Work instructions - Only the lines from the one containing "fix pm pm' assume" through the one containing "obtain u v m" should be printed, exactly as they appear below, with both ends included.

----

lemma sum_card_common_lines_le:
  assumes fin: "finite (carrier R)" and P: "P \<subseteq> carrier R \<times> carrier R"
    and x: "x \<in> carrier R" and y: "y \<in> carrier R"
  shows "(\<Sum>p\<in>P. card {l \<in> carrier R \<times> carrier R. on_line R l (x, y) \<and> on_line R l p})
     \<le> card P + card (nonunits R) * card (carrier R)"
proof -
  \<comment> \<open>common lines are only abundant for points whose abscissae differ by a non-unit\<close>
  define B where "B p = {m \<in> carrier R. fst p \<ominus> x \<notin> Units R \<and> snd p \<ominus> y = m \<otimes> (fst p \<ominus> x)}" for p
  have "finite P"
    using P fin by (meson finite_SigmaI finite_subset)
  have "card {l \<in> carrier R \<times> carrier R. on_line R l (x, y) \<and> on_line R l p}
      \<le> of_bool (fst p \<ominus> x \<in> Units R) + card (B p)" if "p \<in> P" for p
  proof -
    obtain u v where uv: "p = (u, v)" "u \<in> carrier R" "v \<in> carrier R"
      using P \<open>p \<in> P\<close> by auto
    have "card {l \<in> carrier R \<times> carrier R. on_line R l (x, y) \<and> on_line R l p}
        \<le> card {m \<in> carrier R. v \<ominus> y = m \<otimes> (u \<ominus> x)}"
      using card_common_lines_le[OF fin x y uv(2,3)] uv(1) by simp
    also have "\<dots> \<le> of_bool (u \<ominus> x \<in> Units R) + card (B p)"
      using card_unit_multiples_le_one[of "u \<ominus> x" "v \<ominus> y"] uv unfolding B_def by auto
    finally show ?thesis
      using uv by simp
  qed
  then have "(\<Sum>p\<in>P. card {l \<in> carrier R \<times> carrier R. on_line R l (x, y) \<and> on_line R l p})
      \<le> (\<Sum>p\<in>P. of_bool (fst p \<ominus> x \<in> Units R)) + (\<Sum>p\<in>P. card (B p))"
    by (simp add: sum.distrib[symmetric] sum_mono)
  also have "(\<Sum>p\<in>P. of_bool (fst p \<ominus> x \<in> Units R)) \<le> card P"
    using sum_mono[of P "\<lambda>p. of_bool (fst p \<ominus> x \<in> Units R)" "\<lambda>_. 1::nat"] by simp
  also have "(\<Sum>p\<in>P. card (B p)) = card (Sigma P B)"
    using \<open>finite P\<close> fin by (simp add: card_SigmaI B_def)
  also have "\<dots> \<le> card (nonunits R \<times> carrier R)"
  proof (rule card_inj_on_le[where f="\<lambda>(p, m). (fst p \<ominus> x, m)"])
    show "inj_on (\<lambda>(p, m). (fst p \<ominus> x, m)) (Sigma P B)"
    proof (rule inj_onI)
      fix pm pm' assume "pm \<in> Sigma P B" "pm' \<in> Sigma P B"
        and eq: "(\<lambda>(p, m). (fst p \<ominus> x, m)) pm = (\<lambda>(p, m). (fst p \<ominus> x, m)) pm'"
      obtain u v m u' v' m' where pm: "pm = ((u, v), m)" "pm' = ((u', v'), m')"
        by (metis prod.exhaust)
      then have uv: "u \<in> carrier R" "v \<in> carrier R" "u' \<in> carrier R" "v' \<in> carrier R"
        "v \<ominus> y = m \<otimes> (u \<ominus> x)" "v' \<ominus> y = m' \<otimes> (u' \<ominus> x)" "u \<ominus> x = u' \<ominus> x" "m = m'"
        using P \<open>pm \<in> Sigma P B\<close> \<open>pm' \<in> Sigma P B\<close> eq unfolding B_def by auto
      have "u = u'"
        using uv x by (simp add: minus_eq add.right_cancel)
      moreover have "v \<ominus> y = v' \<ominus> y"
        using uv by simp
      then have "v = v'"
        using uv y by (simp add: minus_eq add.right_cancel)
      ultimately show "pm = pm'"
        using pm uv by simp
    qed
    show "(\<lambda>(p, m). (fst p \<ominus> x, m)) ` Sigma P B \<subseteq> nonunits R \<times> carrier R"
      using P x unfolding B_def nonunits_def by (auto simp: minus_eq)
    show "finite (nonunits R \<times> carrier R)"
      using fin unfolding nonunits_def by simp
  qed
  also have "\<dots> = card (nonunits R) * card (carrier R)"
    by (simp add: card_cartesian_product)
  finally show ?thesis
    by simp
qed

----

Answer for the task -
      fix pm pm' assume "pm \<in> Sigma P B" "pm' \<in> Sigma P B"
        and eq: "(\<lambda>(p, m). (fst p \<ominus> x, m)) pm = (\<lambda>(p, m). (fst p \<ominus> x, m)) pm'"
      obtain u v m u' v' m' where pm: "pm = ((u, v), m)" "pm' = ((u', v'), m')"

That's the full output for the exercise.